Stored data
(* Let $X$ be a univariate $L^2$-continuous stochastic process on a compact interval $\mathcal{T}$ with mean $\mu$ and covariance kernel $\kappa$, and let $(\lambda_i,\xi_i)$, $i=1,\dots,m$, be the $m$ largest eigenpairs of the integral operator with kernel $\kappa$, with $\lambda_m>0$. Let $\mathcal{T}=\mathcal{T}_1\cup\dots\cup\mathcal{T}_d$ with pairwise disjoint $\mathcal{T}_a$, $D=\{1,\dots,d\}$. For $R\subseteq D$ let $\hat X^R(t)=X(t)$ if $t\in\bigcup_{b\in R}\mathcal{T}_b$ and $\hat X^R(t)=\mu(t)$ otherwise, and for $a\in D$, $R\subseteq D\setminus\{a\}$, let $\Delta_{\mathcal{T}_a}\mathrm{fmd}^2(\hat X^R,\mu;\kappa,m)=\mathrm{fmd}^2(\hat X^{R\cup\{a\}},\mu;\kappa,m)-\mathrm{fmd}^2(\hat X^R,\mu;\kappa,m)$. Then $$\theta_{\mathcal{T}_a}(X,\mu;\kappa,m):=\sum_{R\subseteq D\setminus\{a\}}\frac{|R|!(d-|R|-1)!}{d!}\Delta_{\mathcal{T}_a}\mathrm{fmd}^2(\hat X^R,\mu;\kappa,m)=\sum_{i=1}^m\frac{1}{\lambda_i}\langle X-\mu,\xi_i\rangle_{\mathcal{T}_a}\langle X-\mu,\xi_i\rangle.$$
   Context: $\langle f,g\rangle=\int_{\mathcal{T}}f(t)g(t)dt$ and $\langle f,g\rangle_{\mathcal{T}_a}=\int_{\mathcal{T}_a}f(t)g(t)dt$. The squared truncated functional Mahalanobis distance is $\mathrm{fmd}^2(Y,\mu;\kappa,m)=\sum_{i=1}^m\lambda_i^{-1}\langle Y-\mu,\xi_i\rangle^2$. *)

theory Defs
  imports "HOL-Probability.Probability"
begin

definition ip :: "real set \<Rightarrow> (real \<Rightarrow> real) \<Rightarrow> (real \<Rightarrow> real) \<Rightarrow> real" where
  "ip S f g = (LINT t:S|lborel. f t * g t)"
lemma regularized_solution_spectral:
  fixes lam :: "'n::finite \<Rightarrow> real"
  assumes onb: "orthonormal_family v"
    and F: "F = spectral_matrix v (\<lambda>i. of_real (lam i))" and herm: "ctranspose F = F"
    and gam: "\<gamma> > 0"
  shows "matrix_inv (ctranspose F ** F + \<gamma> *\<^sub>R mat 1) *v (ctranspose F *v (column_matrix v *v c))
       = column_matrix v *v (\<chi> i. of_real (lam i / ((lam i)\<^sup>2 + \<gamma>)) * c $ i)"
proof -
  have pos: "(lam i)\<^sup>2 + \<gamma> > 0" for i
    using gam by (intro add_nonneg_pos) auto
  have "ctranspose F ** F + \<gamma> *\<^sub>R mat 1 = spectral_matrix v (\<lambda>i. of_real ((lam i)\<^sup>2 + \<gamma>))"
    unfolding herm spectral_matrix_one[OF onb, symmetric] spectral_matrix_scaleR
    by (simp add: F spectral_matrix_mult[OF onb] spectral_matrix_add power2_eq_square)
  moreover have "matrix_inv (spectral_matrix v (\<lambda>i. of_real ((lam i)\<^sup>2 + \<gamma>)))
      = spectral_matrix v (\<lambda>i. of_real (1 / ((lam i)\<^sup>2 + \<gamma>)))"
  proof (rule matrix_inv_eqI)
    have "((lam i)\<^sup>2 + \<gamma>) * (1 / ((lam i)\<^sup>2 + \<gamma>)) = 1" for i
      using pos[of i] by simp
    then have "of_real ((lam i)\<^sup>2 + \<gamma>) * of_real (1 / ((lam i)\<^sup>2 + \<gamma>)) = (1::complex)" for i
      by (metis of_real_mult of_real_1)
    then show "spectral_matrix v (\<lambda>i. of_real ((lam i)\<^sup>2 + \<gamma>))
        ** spectral_matrix v (\<lambda>i. of_real (1 / ((lam i)\<^sup>2 + \<gamma>))) = mat 1"
      and "spectral_matrix v (\<lambda>i. of_real (1 / ((lam i)\<^sup>2 + \<gamma>)))
        ** spectral_matrix v (\<lambda>i. of_real ((lam i)\<^sup>2 + \<gamma>)) = mat 1"
      by (simp_all add: spectral_matrix_mult[OF onb] spectral_matrix_one[OF onb] mult.commute)
  qed
  moreover have "(complex_of_real (lam i))\<^sup>2 + of_real \<gamma> \<noteq> 0" for i
    using pos[of i] by (metis of_real_add of_real_eq_0_iff of_real_power less_irrefl)
  ultimately show ?thesis
    unfolding herm by (simp add: F spectral_matrix_vector_mult[OF onb] mult_ac)
qed

lemma regularized_solution_hfun:
  fixes lam :: "'n::finite \<Rightarrow> real"
  assumes "orthonormal_family v"
    and "F = spectral_matrix v (\<lambda>i. of_real (lam i))" and "ctranspose F = F"
    and gam: "\<gamma> > 0"
  shows "matrix_inv (ctranspose F ** F + \<gamma> *\<^sub>R mat 1) *v
           (ctranspose F *v (column_matrix v *v (\<chi> i. c i)))
       = inverse (sqrt \<gamma>) *\<^sub>R (column_matrix v *v (\<chi> i. c i * of_real (hfun \<gamma> (lam i))))"
proof -
  have "lam i / ((lam i)\<^sup>2 + \<gamma>) = inverse (sqrt \<gamma>) * hfun \<gamma> (lam i)" for i
    using gam by (simp add: hfun_def)
  then have "(\<chi> i. of_real (lam i / ((lam i)\<^sup>2 + \<gamma>)) * (\<chi> i. c i) $ i)
      = inverse (sqrt \<gamma>) *\<^sub>R (\<chi> i. c i * of_real (hfun \<gamma> (lam i)))"
    unfolding vec_eq_iff vector_scaleR_component by (simp add: scaleR_conv_of_real mult_ac)
  then show ?thesis
    by (simp only: regularized_solution_spectral[OF assms] matrix_vector_mult_scaleR_right)
qed
theorem lemma4p10:
  fixes n k :: nat
  assumes "2 \<le> k" and "k \<le> n"
  shows "ennreal ((real k - 1) / 2 * real_of_int \<lfloor>log (real k) (real n)\<rfloor>) \<le> opt_bandit_obl n k"
proof -
  define d where "d = nat \<lfloor>log (real k) (real n)\<rfloor>"
  have floor_eq: "\<lfloor>log (real k) (real n)\<rfloor> = int d"
    using assms by (simp add: d_def)
  then have "k ^ d \<le> n"
    using assms by (simp add: floor_log_nat_eq_powr_iff)
  let ?S = "repeat_examples (k - 1) (map (digit_instance n k) [0..<d])"
  have "ennreal ((real k - 1) / 2 * real d) \<le> opt_bandit_obl n k"
  proof (rule opt_bandit_obl_ge_average[of "label_seqs k d" _ _ ?S])
    show "finite (label_seqs k d)"
      by (rule finite_label_seqs)
    show "label_seqs k d \<noteq> {}"
      using card_label_seqs[of k d] assms by force
    show "realizable_seq n k (?S ys)" if "ys \<in> label_seqs k d" for ys
      using realizable_repeat_digit_instances that \<open>k ^ d \<le> n\<close> assms by simp
    show "of_nat (card (label_seqs k d)) * ennreal ((real k - 1) / 2 * real d)
        \<le> (\<Sum>ys\<in>label_seqs k d. exp_mistakes L [] (?S ys))" for L
      using sum_exp_mistakes_exhaustive_blocks_ge[of k "map (digit_instance n k) [0..<d]"]
      by (simp add: card_label_seqs)
  qed
  then show ?thesis
    using floor_eq by simp
qed

end
(* Let $n$ be a positive integer and let $k$ be an even integer with $n/2+1\le k\le n-1$. Then the graph $H_{n,k}$ is uniquely vector colorable.
   Context: For $x,y\in\mathbb{Z}_2^n$, the weight of $x$ is its number of nonzero coordinates and $d(x,y)$ denotes Hamming distance. $H_{n,k}$ is the graph whose vertices are the even-weight elements of $\mathbb{Z}_2^n$, with $x\sim y$ iff $x+y$ has weight exactly $k$ (addition is bitwise XOR). A vector $t$-coloring of a graph $G$ (with $t\ge 2$) is an assignment $i\mapsto p_i$ of unit vectors in some $\mathbb{R}^d$ to the vertices of $G$ such that $\langle p_i,p_j\rangle\le -1/(t-1)$ whenever $i\sim j$. The vector chromatic number $\chi_v(G)$ is the smallest $t\ge 2$ for which a vector $t$-coloring exists; a vector $\chi_v(G)$-coloring is called optimal. $G$ is uniquely vector colorable (UVC) if any two optimal vector colorings $i\mapsto p_i\in\mathbb{R}^d$ and $i\mapsto q_i\in\mathbb{R}^{d'}$ of $G$ have the same Gram matrix, i.e. $\langle p_i,p_j\rangle=\langle q_i,q_j\rangle$ for all vertices $i,j$. *)

theory Defs
  imports Complex_Main
begin

text \<open>Elements of Z_2^n are represented as boolean lists of length n.\<close>

definition weight :: "bool list \<Rightarrow> nat" where
  "weight x = length (filter id x)"

definition bxor :: "bool list \<Rightarrow> bool list \<Rightarrow> bool list" where
  "bxor x y = map2 (\<noteq>) x y"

EXERCISE AIM:
Above are the records; copy each line from them that includes the string "length".

OUTPUT:
text \<open>Elements of Z_2^n are represented as boolean lists of length n.\<close>
  "weight x = length (filter id x)"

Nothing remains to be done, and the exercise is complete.